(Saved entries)
>>>
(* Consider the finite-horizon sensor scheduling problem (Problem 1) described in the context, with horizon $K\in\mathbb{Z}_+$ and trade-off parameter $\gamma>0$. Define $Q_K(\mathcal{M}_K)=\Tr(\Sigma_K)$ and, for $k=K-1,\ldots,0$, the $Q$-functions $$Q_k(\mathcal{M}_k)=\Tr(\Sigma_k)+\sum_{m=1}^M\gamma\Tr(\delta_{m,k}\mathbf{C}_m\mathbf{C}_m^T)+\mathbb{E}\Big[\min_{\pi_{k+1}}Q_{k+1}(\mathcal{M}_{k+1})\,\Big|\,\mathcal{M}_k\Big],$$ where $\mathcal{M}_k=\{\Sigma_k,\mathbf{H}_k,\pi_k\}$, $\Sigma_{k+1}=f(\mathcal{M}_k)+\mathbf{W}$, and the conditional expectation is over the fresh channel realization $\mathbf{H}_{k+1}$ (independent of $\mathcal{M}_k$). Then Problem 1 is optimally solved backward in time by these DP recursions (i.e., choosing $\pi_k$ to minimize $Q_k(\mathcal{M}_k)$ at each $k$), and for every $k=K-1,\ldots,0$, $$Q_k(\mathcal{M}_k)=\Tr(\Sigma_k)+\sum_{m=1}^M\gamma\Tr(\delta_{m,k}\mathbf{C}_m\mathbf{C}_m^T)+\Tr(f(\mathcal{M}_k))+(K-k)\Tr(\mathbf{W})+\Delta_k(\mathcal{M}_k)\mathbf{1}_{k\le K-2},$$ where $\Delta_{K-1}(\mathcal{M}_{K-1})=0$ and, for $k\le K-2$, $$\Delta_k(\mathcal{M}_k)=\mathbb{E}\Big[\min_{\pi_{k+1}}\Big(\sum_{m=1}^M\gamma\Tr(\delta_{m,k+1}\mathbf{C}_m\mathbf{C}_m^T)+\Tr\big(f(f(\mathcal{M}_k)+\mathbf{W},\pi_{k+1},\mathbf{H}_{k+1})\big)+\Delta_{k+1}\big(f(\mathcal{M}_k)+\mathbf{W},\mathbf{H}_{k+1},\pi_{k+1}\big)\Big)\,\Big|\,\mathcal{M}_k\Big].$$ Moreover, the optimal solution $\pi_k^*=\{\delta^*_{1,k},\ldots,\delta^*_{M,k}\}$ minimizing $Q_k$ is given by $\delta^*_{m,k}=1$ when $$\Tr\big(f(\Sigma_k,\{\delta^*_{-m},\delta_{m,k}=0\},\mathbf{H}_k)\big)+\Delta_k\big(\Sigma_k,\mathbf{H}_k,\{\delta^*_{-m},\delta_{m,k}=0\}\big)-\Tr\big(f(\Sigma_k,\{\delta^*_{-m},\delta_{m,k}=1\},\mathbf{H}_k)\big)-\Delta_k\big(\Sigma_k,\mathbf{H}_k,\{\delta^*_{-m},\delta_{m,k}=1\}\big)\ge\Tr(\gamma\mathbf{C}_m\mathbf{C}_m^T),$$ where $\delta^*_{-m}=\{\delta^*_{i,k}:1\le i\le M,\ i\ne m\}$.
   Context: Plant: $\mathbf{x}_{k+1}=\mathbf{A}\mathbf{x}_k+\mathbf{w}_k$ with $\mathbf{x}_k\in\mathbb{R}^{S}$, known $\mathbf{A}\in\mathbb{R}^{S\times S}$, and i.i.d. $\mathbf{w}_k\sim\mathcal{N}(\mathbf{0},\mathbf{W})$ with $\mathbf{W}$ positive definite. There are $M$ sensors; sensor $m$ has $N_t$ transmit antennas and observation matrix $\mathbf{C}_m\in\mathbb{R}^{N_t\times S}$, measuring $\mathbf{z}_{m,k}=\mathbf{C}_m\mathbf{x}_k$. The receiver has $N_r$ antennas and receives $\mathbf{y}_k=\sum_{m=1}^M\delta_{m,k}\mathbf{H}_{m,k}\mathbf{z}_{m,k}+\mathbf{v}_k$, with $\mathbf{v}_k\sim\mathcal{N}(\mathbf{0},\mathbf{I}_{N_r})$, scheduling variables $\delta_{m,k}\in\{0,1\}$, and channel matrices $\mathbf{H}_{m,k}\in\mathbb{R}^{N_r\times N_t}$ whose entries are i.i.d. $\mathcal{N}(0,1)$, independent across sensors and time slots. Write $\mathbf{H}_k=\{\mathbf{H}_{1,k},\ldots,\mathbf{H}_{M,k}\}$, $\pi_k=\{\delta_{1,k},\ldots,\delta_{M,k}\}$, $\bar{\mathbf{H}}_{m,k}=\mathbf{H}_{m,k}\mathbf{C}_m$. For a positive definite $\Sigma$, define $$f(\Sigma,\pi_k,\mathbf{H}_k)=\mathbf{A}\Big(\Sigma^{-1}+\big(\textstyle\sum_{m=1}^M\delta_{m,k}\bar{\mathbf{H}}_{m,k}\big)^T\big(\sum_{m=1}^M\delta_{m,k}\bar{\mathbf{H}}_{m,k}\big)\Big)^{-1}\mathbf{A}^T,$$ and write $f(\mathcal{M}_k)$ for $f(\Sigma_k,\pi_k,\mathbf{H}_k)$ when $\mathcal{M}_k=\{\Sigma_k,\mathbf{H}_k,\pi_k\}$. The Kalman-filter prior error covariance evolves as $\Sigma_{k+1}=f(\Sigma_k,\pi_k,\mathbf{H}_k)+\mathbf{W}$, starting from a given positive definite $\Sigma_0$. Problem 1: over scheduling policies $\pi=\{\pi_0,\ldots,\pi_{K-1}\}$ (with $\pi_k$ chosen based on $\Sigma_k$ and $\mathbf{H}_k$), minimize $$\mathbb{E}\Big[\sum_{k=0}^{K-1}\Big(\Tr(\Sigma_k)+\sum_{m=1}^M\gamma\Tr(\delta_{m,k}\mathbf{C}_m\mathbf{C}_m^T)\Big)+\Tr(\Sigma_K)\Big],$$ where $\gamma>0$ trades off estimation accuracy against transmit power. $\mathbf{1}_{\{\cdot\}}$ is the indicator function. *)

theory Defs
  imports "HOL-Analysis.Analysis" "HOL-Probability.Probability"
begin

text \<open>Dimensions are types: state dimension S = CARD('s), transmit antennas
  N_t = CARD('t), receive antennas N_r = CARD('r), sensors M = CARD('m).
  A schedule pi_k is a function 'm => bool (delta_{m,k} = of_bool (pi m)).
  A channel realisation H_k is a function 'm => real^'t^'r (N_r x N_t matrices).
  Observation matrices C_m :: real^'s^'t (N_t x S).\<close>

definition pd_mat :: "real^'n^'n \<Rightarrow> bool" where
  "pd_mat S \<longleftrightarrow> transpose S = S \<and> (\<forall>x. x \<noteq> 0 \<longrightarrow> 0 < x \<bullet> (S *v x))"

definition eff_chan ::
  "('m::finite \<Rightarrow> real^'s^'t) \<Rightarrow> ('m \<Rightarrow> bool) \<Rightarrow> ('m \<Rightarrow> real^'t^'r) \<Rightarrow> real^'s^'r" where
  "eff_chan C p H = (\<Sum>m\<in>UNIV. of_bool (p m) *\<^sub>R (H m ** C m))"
<<<
Across the data above, how many lines carry the word "CARD"? Only the number is needed.

▶ _COMPLETED TASK_
2